I had a terrible night's sleep last night.
I woke almost every hour. I slept in a chair. There were people in and out of the room all through the night.
I got about 4 hours of sleep, way less than I am used to having.
But it was my honor, and my duty to be there.
My grandmother is dying, and I spent the night in the hospital with her, in a chair beside her hospital bed.
Growing up, my grandma was my "Dear Abby". She has been my rock, my comfort, my source of strength and guidance throughout my entire life. I have terrific parents, and I have been even more blessed to have such a wonderful grandmother. She always praised me and told me how great she thought I was.
She taught me about believing in God. She took me to church. We sang hymns together, and she demonstrated how to live a Christian life. She couldn't get to church on a weekly basis (or even once a year), but she read her Bible with daily devotion, and it is through her example that I know that living a life as a Christian is more about who you are than where you worship.
During my teenage years, I never rebelled because I didn't want to disappoint her in any way. Recently I told my parents that, and my dad said that he had her to thank for a lot of trouble that I DIDN'T get in.
She called me "Number One" since I was the oldest granddaughter. We could make each other laugh so hard that we would have a hard time catching our breath. If one of us was crying, the other usually joined in. My mom sometimes called us "The Bobsy Twins".
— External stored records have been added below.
lemma exp_omega_phase_bound:
  fixes t :: real
  assumes "0 < t" "t \<le> 1/100"
  defines "c \<equiv> exp (of_real t * (omega - 1))"
  shows "24 * (1 - Re c)^3 < 9 * Im c ^ 2"
proof -
  define z where "z = of_real t * (omega - 1)"
  have Re_z: "Re z = - 3/2 * t" and Im_z: "Im z = sqrt 3 / 2 * t"
    by (simp_all add: z_def Re_omega Im_omega)
  have "exp \<bar>Re z\<bar> \<le> 2"
    using assms(1,2) exp_half_le2 by (simp add: Re_z order.trans[of _ "exp (1/2)"])
  have "cmod (c - (1 + z)) \<le> exp \<bar>Re z\<bar> * cmod z ^ 2"
    using Taylor_exp[of z 1] by (simp add: c_def z_def power2_eq_square)
  also have "\<dots> \<le> 2 * cmod z ^ 2"
    by (rule mult_right_mono[OF \<open>exp \<bar>Re z\<bar> \<le> 2\<close> zero_le_power2])
  also have "\<dots> = 6 * t^2"
    by (simp add: cmod_power2 Re_z Im_z power_mult_distrib power_divide)
  also have "\<dots> \<le> t / 16"
    using assms(1,2) by (simp add: power2_eq_square)
  finally have err: "cmod (c - (1 + z)) \<le> t / 16" .
  have "\<bar>1 - Re c\<bar> \<le> 2 * t"
    using abs_Re_le_cmod[of "c - (1 + z)"] err assms(1) by (simp add: Re_z)
  then have "\<bar>1 - Re c\<bar>^3 \<le> (2 * t)^3"
    by (rule power_mono) simp
  then have "(1 - Re c)^3 \<le> (2 * t)^3"
    by (metis abs_ge_self order.trans power_abs)
  moreover have "3/4 * t \<le> Im c"
  proof -
    have "1.7 \<le> sqrt 3"
      by (rule real_le_rsqrt) (simp add: power2_eq_square)
    then have "17/10 * t \<le> sqrt 3 * t"
      using assms(1) by (intro mult_right_mono) simp_all
    then show ?thesis
      using abs_Im_le_cmod[of "c - (1 + z)"] err by (simp add: Im_z abs_le_iff)
  qed
  then have "(3/4 * t)^2 \<le> Im c ^ 2"
    using assms(1) by (intro power_mono) simp_all
  moreover have "64 * t * t^2 < 27/16 * t^2"
    using assms(1,2) by (intro mult_strict_right_mono) simp_all
  moreover have "t^3 = t * t^2" "(3/4 * t)^2 = 9/16 * t^2"
    by (simp_all add: power3_eq_cube power2_eq_square)
  ultimately show ?thesis
    by (simp add: power_mult_distrib)
qed

lemma dephasing_not_unistochastic:
  assumes "0 < t" "t \<le> 1/100"
  shows "\<not> unistochastic (dephasing t)"
proof
  define f :: "3 \<times> 3 \<Rightarrow> complex"
    where "f = (\<lambda>(i, j). exp (of_real t * (clockZ $ i $ i * cnj (clockZ $ j $ j) - 1)))"
  define c where "c = exp (of_real t * (omega - 1))"
  assume "unistochastic (dephasing t)"
  then have "unistochastic (diag_mat f)"
    by (simp only: dephasing_eq_diag_mat f_def)
  moreover have "\<And>i. f (i, i) = 1"
    using norm_clockZ_diagonal by (simp add: f_def complex_norm_square[symmetric])
  ultimately obtain V :: "3 \<Rightarrow> complex^3^3"
    where "\<And>k. unitary_mat (V k)" and "\<And>k l. trace (V k ** adjoint_mat (V l)) = 3 * f (k, l)"
    using unistochastic_diag_mat_gram by blast
  moreover have "f (1, 0) = c" "f (2, 0) = cnj c" "f (2, 1) = c"
    by (simp_all add: f_def c_def clockZ_diagonal_entries exp_cnj cnj_omega_squared)
  ultimately have "9 * Im c ^ 2 \<le> 8 * CARD(3) * (1 - Re c)^3"
    by (intro unitary_traces_cubic_bound[of "V 0" "V 1" "V 2"]) simp_all
  with exp_omega_phase_bound[OF assms] show False
    by (simp add: c_def)
qed

theorem proposition8:
  shows "\<exists>Phi \<in> A3Q. \<not> unistochastic Phi"
  using dephasing_in_A3Q[of "1/100"] dephasing_not_unistochastic[of "1/100"] by auto

end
Sitting in the hospital last night, I told my grandma that she could talk to me about dying. So she did. And it felt good to have that honest conversation about her fears, her expectations of heaven, and how she wanted her homecoming celebration to go.
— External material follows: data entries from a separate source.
text \<open>Q(X,X',l,l'): the parallelogram X Y X' Y' with Y on l, Y' on l', and
  midpoint of Y,Y' equal to the midpoint of X,X' (unique for nonparallel lines).\<close>
definition para_Q :: "real^2 \<Rightarrow> real^2 \<Rightarrow> (real^2) set \<Rightarrow> (real^2) set \<Rightarrow> (real^2) set" where
  "para_Q X X' l l' =
     (let (Y, Y') = (THE p. fst p \<in> l \<and> snd p \<in> l' \<and> midpoint (fst p) (snd p) = midpoint X X')
      in convex hull {X, Y, X', Y'})"

definition area :: "(real^2) set \<Rightarrow> real" where
  "area S = measure lebesgue S"

end

theory Submission
  imports Defs
begin

text \<open>Write \<open>X = O + a u + b v\<close> and \<open>X' = O + a' u + b' v\<close> in the oblique frame of the two lines,
  with \<open>a, b, a', b' \<ge> 0\<close> on the quadrant. The parallelogram has the further corners
  \<open>O + (a + a') u\<close> and \<open>O + (b + b') v\<close>, so its area is the absolute value of a determinant,
  \<open>|a b - a' b'| |u \<times> v|\<close>. On the other hand \<open>d\<^sub>l(X) = b |u \<times> v| / |u|\<close>,
  \<open>d\<^sub>l\<^sub>'(X) = a |u \<times> v| / |v|\<close> and \<open>sin \<theta> = |u \<times> v| / (|u| |v|)\<close>, and both sides agree.\<close>

definition cross2 :: "real^2 \<Rightarrow> real^2 \<Rightarrow> real" where
  "cross2 p q = p$1 * q$2 - p$2 * q$1"

definition param_line :: "real^2 \<Rightarrow> real^2 \<Rightarrow> (real^2) set" where
  "param_line P u = {P + t *\<^sub>R u | t. True}"

lemma inner_vec2: "(p::real^2) \<bullet> q = p$1 * q$1 + p$2 * q$2"
  by (simp add: inner_vec_def sum_2)

lemma norm_vec2_square: "(norm (p::real^2))^2 = p$1^2 + p$2^2"
  unfolding power2_norm_eq_inner inner_vec2 by (simp add: power2_eq_square)

lemma cross2_square_add_inner_square: "(cross2 p q)^2 + (p \<bullet> q)^2 = (norm p)^2 * (norm q)^2"
  unfolding norm_vec2_square by (simp add: cross2_def inner_vec2 power2_eq_square algebra_simps)

lemma abs_cross2_le: "\<bar>cross2 p q\<bar> \<le> norm p * norm q"
proof (rule power2_le_imp_le)
  have "0 \<le> (p \<bullet> q)^2" by simp
  then show "\<bar>cross2 p q\<bar>^2 \<le> (norm p * norm q)^2"
    using cross2_square_add_inner_square[of p q] unfolding power_mult_distrib power2_abs by linarith
qed simp

lemma cross2_commute: "cross2 q p = - cross2 p q"
  by (simp add: cross2_def)

lemma cross2_scaleR_add:
  "cross2 (a *\<^sub>R u + b *\<^sub>R v) (c *\<^sub>R u + d *\<^sub>R v) = (a * d - b * c) * cross2 u v"
  by (simp add: cross2_def algebra_simps)

lemma cross2_translate: "cross2 (p - t *\<^sub>R q) q = cross2 p q"
  by (simp add: cross2_def algebra_simps)

lemma cross2_eq_0_imp_parallel:
  assumes "cross2 u v = 0" "u \<noteq> 0"
  shows "\<exists>c. v = c *\<^sub>R u"
proof (cases "u$1 = 0")
  case False
  then have "v = (v$1 / u$1) *\<^sub>R u"
    using assms unfolding cross2_def by (auto simp: vec_eq_iff forall_2 field_simps)
  then show ?thesis by blast
next
  case True
  then have "u$2 \<noteq> 0" using assms(2) by (auto simp: vec_eq_iff forall_2)
  then have "v = (v$2 / u$2) *\<^sub>R u"
    using assms True unfolding cross2_def by (auto simp: vec_eq_iff forall_2 field_simps)
  then show ?thesis by blast
qed

lemma cross2_neq_0_imp_independent:
  assumes "cross2 u v \<noteq> 0" "s *\<^sub>R u + t *\<^sub>R v = 0"
  shows "s = 0" "t = 0"
proof -
  have "0 = cross2 (s *\<^sub>R u + t *\<^sub>R v) (1 *\<^sub>R u + 0 *\<^sub>R v)"
    "0 = cross2 (0 *\<^sub>R u + 1 *\<^sub>R v) (s *\<^sub>R u + t *\<^sub>R v)"
    using assms(2) by (simp_all add: cross2_def)
  then show "s = 0" "t = 0" using assms(1) unfolding cross2_scaleR_add by simp_all
qed

lemma is_line_eq_param_line:
  assumes "is_line l" "P \<in> l" "P + u \<in> l" "u \<noteq> 0"
  shows "l = param_line P u"
proof -
  obtain Q w where l: "l = {Q + t *\<^sub>R w | t. True}"
    using assms(1) unfolding is_line_def by blast
  obtain t0 where t0: "P = Q + t0 *\<^sub>R w" using assms(2) l by blast
  obtain t1 where t1: "P + u = Q + t1 *\<^sub>R w" using assms(3) l by blast
  have u: "u = (t1 - t0) *\<^sub>R w" using t0 t1 by (simp add: algebra_simps)
  with assms(4) have "t1 - t0 \<noteq> 0" by auto
  then have "((t - t0) / (t1 - t0)) *\<^sub>R u = (t - t0) *\<^sub>R w" for t by (simp add: u)
  then have "Q + t *\<^sub>R w = P + ((t - t0) / (t1 - t0)) *\<^sub>R u" for t
    by (simp add: t0 algebra_simps)
  moreover have "P + s *\<^sub>R u = Q + (t0 + s * (t1 - t0)) *\<^sub>R w" for s
    by (simp add: u t0 algebra_simps)
  ultimately show ?thesis unfolding l param_line_def by blast
qed

text \<open>The minimum is attained at the orthogonal projection, where Lagrange's identity
  \<open>(p \<times> u)\<^sup>2 + (p \<bullet> u)\<^sup>2 = |p|\<^sup>2 |u|\<^sup>2\<close> gives the value.\<close>

lemma infdist_param_line:
  assumes "u \<noteq> 0"
  shows "infdist Z (param_line P u) = \<bar>cross2 (Z - P) u\<bar> / norm u"
proof (rule antisym)
  define w where "w = Z - P"
  define t where "t = (w \<bullet> u) / (norm u)^2"
  have nu: "norm u > 0" using assms by simp
  have "(dist Z (P + t *\<^sub>R u))^2 = (w - t *\<^sub>R u) \<bullet> (w - t *\<^sub>R u)"
    by (simp add: dist_norm w_def power2_norm_eq_inner algebra_simps)
  also have "\<dots> = w \<bullet> w - 2 * t * (w \<bullet> u) + t^2 * (u \<bullet> u)"
    by (simp add: inner_diff_left inner_diff_right algebra_simps power2_eq_square inner_commute)
  also have "\<dots> = (norm w)^2 - (w \<bullet> u)^2 / (norm u)^2"
    using nu by (simp add: t_def field_simps power2_eq_square flip: power2_norm_eq_inner)
  also have "\<dots> = (\<bar>cross2 w u\<bar> / norm u)^2"
    using cross2_square_add_inner_square[of w u] nu by (simp add: field_simps)
  finally have "dist Z (P + t *\<^sub>R u) = \<bar>cross2 w u\<bar> / norm u"
    by (simp add: power2_eq_iff_nonneg)
  then show "infdist Z (param_line P u) \<le> \<bar>cross2 (Z - P) u\<bar> / norm u"
    unfolding w_def param_line_def by (metis (mono_tags, lifting) infdist_le mem_Collect_eq)
next
  have "\<bar>cross2 (Z - P) u\<bar> / norm u \<le> dist Z (P + s *\<^sub>R u)" for s
  proof -
    have "\<bar>cross2 (Z - P) u\<bar> = \<bar>cross2 (Z - (P + s *\<^sub>R u)) u\<bar>"
      using cross2_translate[of "Z - P" s u] by (simp add: diff_diff_eq)
    also have "\<dots> \<le> norm (Z - (P + s *\<^sub>R u)) * norm u" by (rule abs_cross2_le)
    finally show ?thesis using assms by (simp add: dist_norm divide_le_eq)
  qed
  moreover have "param_line P u \<noteq> {}" unfolding param_line_def by blast
  ultimately show "\<bar>cross2 (Z - P) u\<bar> / norm u \<le> infdist Z (param_line P u)"
    unfolding infdist_def param_line_def by (auto intro: cINF_greatest)
qed

lemma infdist_oblique_coords:
  assumes "u \<noteq> 0"
  shows "infdist (P + a *\<^sub>R u + b *\<^sub>R v) (param_line P u) = \<bar>b\<bar> * \<bar>cross2 u v\<bar> / norm u"
proof -
  have "cross2 (P + a *\<^sub>R u + b *\<^sub>R v - P) u = cross2 (a *\<^sub>R u + b *\<^sub>R v) (1 *\<^sub>R u + 0 *\<^sub>R v)"
    by simp
  also have "\<dots> = - b * cross2 u v" by (simp only: cross2_scaleR_add) simp
  finally show ?thesis using infdist_param_line[OF assms] by (simp add: abs_mult)
qed

lemma sin_vec_angle:
  assumes "u \<noteq> 0" "v \<noteq> 0"
  shows "sin (vec_angle u v) = \<bar>cross2 u v\<bar> / (norm u * norm v)"
proof -
  let ?c = "(u \<bullet> v) / (norm u * norm v)"
  have p: "norm u * norm v > 0" using assms by simp
  with Cauchy_Schwarz_ineq2[of u v] have c: "-1 \<le> ?c" "?c \<le> 1"
    by (auto simp: divide_le_eq le_divide_eq abs_le_iff)
  have "1 - ?c^2 = ((norm u * norm v)^2 - (u \<bullet> v)^2) / (norm u * norm v)^2"
    using p assms by (simp add: power_divide diff_divide_distrib del: divide_eq_0_iff)
  also have "\<dots> = (cross2 u v)^2 / (norm u * norm v)^2"
    using cross2_square_add_inner_square[of u v] by (simp add: power_mult_distrib)
  also have "\<dots> = (\<bar>cross2 u v\<bar> / (norm u * norm v))^2" by (simp add: power_divide)
  finally show ?thesis unfolding vec_angle_def sin_arccos[OF c] using p by simp
qed

text \<open>The parallelogram is the image of the unit square under the affine map with linear part
  \<open>(s, t) \<mapsto> s (Y - X) + t (Y' - X)\<close>, whose determinant is the cross product.\<close>

lemma measure_parallelogram:
  fixes X Y Y' :: "real^2"
  shows "measure lebesgue (convex hull {X, Y, Y + Y' - X, Y'}) = \<bar>cross2 (Y - X) (Y' - X)\<bar>"
proof -
  define f where "f = (\<lambda>p::real^2. p$1 *\<^sub>R (Y - X) + p$2 *\<^sub>R (Y' - X))"
  define V where "V = {x::real^2. \<forall>i\<in>Basis. x \<bullet> i = 0 \<or> x \<bullet> i = 1}"
  have lin: "linear f" unfolding f_def by (rule linearI) (simp_all add: algebra_simps)
  have V: "p \<in> V \<longleftrightarrow> (p$1 = 0 \<or> p$1 = 1) \<and> (p$2 = 0 \<or> p$2 = 1)" for p
    unfolding V_def by (auto simp: Basis_vec_def inner_axis forall_2)
  have corners: "(+) X ` f ` V = {X, Y, Y + Y' - X, Y'}"
  proof
    show "(+) X ` f ` V \<subseteq> {X, Y, Y + Y' - X, Y'}"
    proof
      fix z assume "z \<in> (+) X ` f ` V"
      then obtain p where "(p$1 = 0 \<or> p$1 = 1) \<and> (p$2 = 0 \<or> p$2 = 1)" "z = X + f p"
        by (auto simp: V)
      then show "z \<in> {X, Y, Y + Y' - X, Y'}" unfolding f_def by auto
    qed
    have "X = X + f (vector [0,0])" "Y = X + f (vector [1,0])"
      "Y + Y' - X = X + f (vector [1,1])" "Y' = X + f (vector [0,1])"
      unfolding f_def by (simp_all add: algebra_simps)
    moreover have "vector [0,0] \<in> V" "vector [1,0] \<in> V" "vector [1,1] \<in> V" "vector [0,1] \<in> V"
      unfolding V by simp_all
    ultimately show "{X, Y, Y + Y' - X, Y'} \<subseteq> (+) X ` f ` V" by blast
  qed
  have hull: "convex hull {X, Y, Y + Y' - X, Y'} = (+) X ` f ` cbox 0 One"
    unfolding corners[symmetric] convex_hull_translation convex_hull_linear_image[OF lin, symmetric]
      V_def unit_interval_convex_hull[symmetric] by (simp add: comp_def)
  have "det (matrix f) = cross2 (Y - X) (Y' - X)"
    by (simp add: det_2 matrix_def f_def axis_def cross2_def)
  then show ?thesis
    unfolding hull measure_translation using measure_linear_image[OF lin, of "cbox 0 One"]
    by (simp add: content_cbox_if)
qed

lemma para_Q_param_lines:
  fixes P u v :: "real^2" and a b a' b' :: real
  assumes "cross2 u v \<noteq> 0"
  defines "X \<equiv> P + a *\<^sub>R u + b *\<^sub>R v" and "X' \<equiv> P + a' *\<^sub>R u + b' *\<^sub>R v"
  shows "para_Q X X' (param_line P u) (param_line P v) =
    convex hull {X, P + (a + a') *\<^sub>R u, X', P + (b + b') *\<^sub>R v}"
proof -
  define Y where "Y = P + (a + a') *\<^sub>R u"
  define Y' where "Y' = P + (b + b') *\<^sub>R v"
  have "(THE p. fst p \<in> param_line P u \<and> snd p \<in> param_line P v \<and>
      midpoint (fst p) (snd p) = midpoint X X') = (Y, Y')"
  proof (rule the_equality)
    have "Y + Y' = X + X'" unfolding X_def X'_def Y_def Y'_def by (simp add: algebra_simps)
    then show "fst (Y, Y') \<in> param_line P u \<and> snd (Y, Y') \<in> param_line P v \<and>
        midpoint (fst (Y, Y')) (snd (Y, Y')) = midpoint X X'"
      unfolding param_line_def Y_def Y'_def midpoint_def by auto
  next
    fix p assume p: "fst p \<in> param_line P u \<and> snd p \<in> param_line P v \<and>
        midpoint (fst p) (snd p) = midpoint X X'"
    then obtain s t where st: "fst p = P + s *\<^sub>R u" "snd p = P + t *\<^sub>R v"
      unfolding param_line_def by auto
    from p have "fst p + snd p = X + X'" unfolding midpoint_def by simp
    then have "(s - (a + a')) *\<^sub>R u + (t - (b + b')) *\<^sub>R v = 0"
      unfolding st X_def X'_def by (simp add: algebra_simps)
    from cross2_neq_0_imp_independent[OF assms(1) this] have "s = a + a'" "t = b + b'"
      by simp_all
    with st show "p = (Y, Y')" by (simp add: prod_eq_iff Y_def Y'_def)
  qed
  then show ?thesis unfolding para_Q_def Y_def Y'_def by simp
qed

lemma area_para_Q_param_lines:
  assumes "cross2 u v \<noteq> 0"
  shows "area (para_Q (P + a *\<^sub>R u + b *\<^sub>R v) (P + a' *\<^sub>R u + b' *\<^sub>R v)
      (param_line P u) (param_line P v)) = \<bar>a * b - a' * b'\<bar> * \<bar>cross2 u v\<bar>"
proof -
  define X where "X = P + a *\<^sub>R u + b *\<^sub>R v"
  define Y where "Y = P + (a + a') *\<^sub>R u"
  define Y' where "Y' = P + (b + b') *\<^sub>R v"
  have X': "P + a' *\<^sub>R u + b' *\<^sub>R v = Y + Y' - X"
    unfolding X_def Y_def Y'_def by (simp add: algebra_simps)
  have "area (para_Q X (P + a' *\<^sub>R u + b' *\<^sub>R v) (param_line P u) (param_line P v))
      = \<bar>cross2 (Y - X) (Y' - X)\<bar>"
    unfolding area_def para_Q_param_lines[OF assms, of P a b a' b', folded X_def Y_def Y'_def]
    unfolding X'
    by (rule measure_parallelogram)
  also have "cross2 (Y - X) (Y' - X) = cross2 (a' *\<^sub>R u + (- b) *\<^sub>R v) ((- a) *\<^sub>R u + b' *\<^sub>R v)"
    unfolding X_def Y_def Y'_def by (simp add: algebra_simps)
  also have "\<dots> = (a' * b' - a * b) * cross2 u v" by (simp only: cross2_scaleR_add) simp
  finally show ?thesis unfolding X_def by (simp add: abs_mult abs_minus_commute)
qed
The doctors have said she may have a week to ten days left, and I hope that I get to spend another night or two with her. I keep saying that I want to make more time for my family, and this is a clear example of "put up or shut up", if there ever was one.
So no matter how much sleep I miss, I will forever cherish the hours I spent with my grandmother in her final days. It was an unexpected gift, for the both of us. And it was one of those times when you have to step up, even when someone you love is letting go.